My ethics aren’t for sale at the price point of failure. So if it looks like everything is going to fail, I’m a relatively safe person to be around.
I’m a genre-savvy person about this genre of arguments and a Bayesian who doesn’t update in a predictable direction. So if you ask, “But Eliezer, what happens when the end of the world is approaching, and in desperation you cling to whatever harebrained scheme has Goodharted past your filters and presented you with a false shred of hope; what then will you do?”—I answer, “Die with dignity.” Where “dignity” in this case means knowing perfectly well that’s what would happen to some less genre-savvy person; and my choosing to do something else which is not that. But “dignity” yields the same correct answer and faster.
Q5: “Relatively” safe?
A: It’d be disingenuous to pretend that it wouldn’t be even safer to hang around somebody who had no clue what was coming, didn’t know any mental motions for taking a worldview seriously, thought it was somebody else’s problem to ever do anything, and would just cheerfully party with you until the end.
Within the class of people who know the world is ending and consider it to be their job to do something about that, Eliezer Yudkowsky is a relatively safe person to be standing next to. At least, before you both die anyways, as is the whole problem there.
Q5: Some of your self-proclaimed fans don’t strike me as relatively safe people to be around, in that scenario?
A: I failed to teach them whatever it is I know. Had I known then what I knew now, I would have warned them not to try.
If you insist on putting it into terms of fandom, though, feel free to notice that Eliezer Yudkowsky is much closer to being a typical liberaltarian science-fiction fan, as was his own culture that actually birthed him, than he is a typical member of any subculture that might have grown up later. Liberaltarian science-fiction fans do not usually throw away all their ethics at the first sign of trouble. They grew up reading books where those people were the villains.
Please don’t take this as a promise from me to play nice, as you define niceness; the world is ending, and also people have varying definitions of what is nice. But I presently mostly expect to end up playing nice, because there won’t be any options worth playing otherwise.
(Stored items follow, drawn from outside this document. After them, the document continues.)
(* Let $K$ be a maximal compact subgroup of a complex reductive group $G$, fix an $\mathrm{Ad}_K$-invariant Euclidean inner product $\langle\cdot,\cdot\rangle$ on $i\mathfrak k$, and let $p_{i\mathfrak k},p_{\mathfrak k}$ be the projections for $\mathfrak g=\mathfrak k\oplus i\mathfrak k$. Let $s,\dot s\in i\mathfrak k$ and write $\dot s=\lambda+[k,s]$ with $\lambda\in i z_{\mathfrak k}(s)$, $k\in z_{\mathfrak k}(s)^\perp\subset\mathfrak k$. Put $\sigma:=(d_s\exp)(\dot s)\,e^{-s}\in\mathfrak g$ (right translation to $\mathfrak g$ of the differential of $\exp:\mathfrak g\to G$ at $s$ applied to $\dot s$). Then: (1) $\sigma=\lambda+(k-\mathrm{Ad}_{e^s}k)$; (2) $\langle\dot s,p_{i\mathfrak k}(\sigma)\rangle\ge\|\dot s\|^2$; (3) $\langle[p_{\mathfrak k}(\sigma),s],p_{i\mathfrak k}(\sigma)\rangle\le0$, with equality if and only if $\dot s\in i z_{\mathfrak k}(s)$.
   Context: $z_{\mathfrak k}(s)=\{u\in\mathfrak k:[u,s]=0\}$ and $z_{\mathfrak k}(s)^\perp$ is its orthogonal complement in $\mathfrak k$ (with respect to the inner product transported by multiplication by $i$). Every $\dot s\in i\mathfrak k$ admits such a decomposition since $i\mathfrak k=i z_{\mathfrak k}(s)\oplus[\mathfrak k,s]$. *)

theory Defs
  imports "HOL-Analysis.Analysis"
begin

type_synonym 'n cmat = "complex^'n^'n"

fun mpow :: "'n::finite cmat \<Rightarrow> nat \<Rightarrow> 'n cmat" where
  "mpow A 0 = mat 1"
| "mpow A (Suc k) = A ** mpow A k"

definition mexp :: "'n::finite cmat \<Rightarrow> 'n cmat" where
  "mexp A = (\<Sum>k. (1 / fact k) *\<^sub>R mpow A k)"

definition cscale :: "complex \<Rightarrow> 'n::finite cmat \<Rightarrow> 'n cmat" where
  "cscale c A = (\<chi> i j. c * A $ i $ j)"

definition adj :: "'n::finite cmat \<Rightarrow> 'n cmat" where
  "adj A = (\<chi> i j. cnj (A $ j $ i))"

definition brk :: "'n::finite cmat \<Rightarrow> 'n cmat \<Rightarrow> 'n cmat" where
  "brk X Y = X ** Y - Y ** X"

inductive_set polyfun :: "('n::finite cmat \<Rightarrow> complex) set" where
  pconst: "(\<lambda>A. c) \<in> polyfun"
| pcoord: "(\<lambda>A. A $ i $ j) \<in> polyfun"
| padd: "p \<in> polyfun \<Longrightarrow> q \<in> polyfun \<Longrightarrow> (\<lambda>A. p A + q A) \<in> polyfun"
| pmult: "p \<in> polyfun \<Longrightarrow> q \<in> polyfun \<Longrightarrow> (\<lambda>A. p A * q A) \<in> polyfun"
It is a matter of some concern to me that all this seems to be an alien logic to some strange people who—this fact is still hard for me to grasp on an emotional level—don’t spontaneously generate all of this reasoning internally, as soon as confronted with the prompt. Alas.
Q5: Then isn’t it unwise to speak plainly of these matters, when fools may be driven to desperation by them? What if people believe you about the hopeless situation, but refuse to accept that conducting themselves with dignity is the appropriate response?
A: I feel like I’ve now tried to live my life that way for a while, by the dictum of not panicking people; and, like everything else I’ve tried, that hasn’t particularly worked? There are no plans left to avoid disrupting, now, with other people’s hypothetical panic.
I think we die with slightly more dignity—come closer to surviving, as we die—if we are allowed to talk about these matters plainly. Even given that people may then do unhelpful things, after being driven mad by overhearing sane conversations. I think we die with more dignity that way, than if we go down silent and frozen and never talking about our impending death for fear of being overheard by people less sane than ourselves.
I think that in the last surviving possible worlds with any significant shred of subjective probability, people survived in part because they talked about it; even if that meant other people, the story’s antagonists, might possibly hypothetically panic.
But still, one should present the story-antagonists with an easy line of retreat. So -
Q6: Hey, this was posted on April 1st. All of this is just an April Fool’s joke, right?
A: Why, of course! Or rather, it’s a preview of what might be needful to say later, if matters really do get that desperate. You don’t want to drop that on people suddenly and with no warning.
Q6: Oh. Really? That would be such a relief!
A: Only you can decide whether to live in one mental world or the other.
Q6: Wait, now I’m confused. How do I decide which mental world to live in?
A: By figuring out what is true, and by allowing no other considerations than that to enter; that’s dignity.
Q6: But that doesn’t directly answer the question of which world I’m supposed to mentally live in! Can’t somebody just tell me that?
A: Well, conditional on you wanting somebody to tell you that, I’d remind you that many EAs hold that it is very epistemically unvirtuous to just believe what one person tells you, and not weight their opinion and mix it with the weighted opinions of others?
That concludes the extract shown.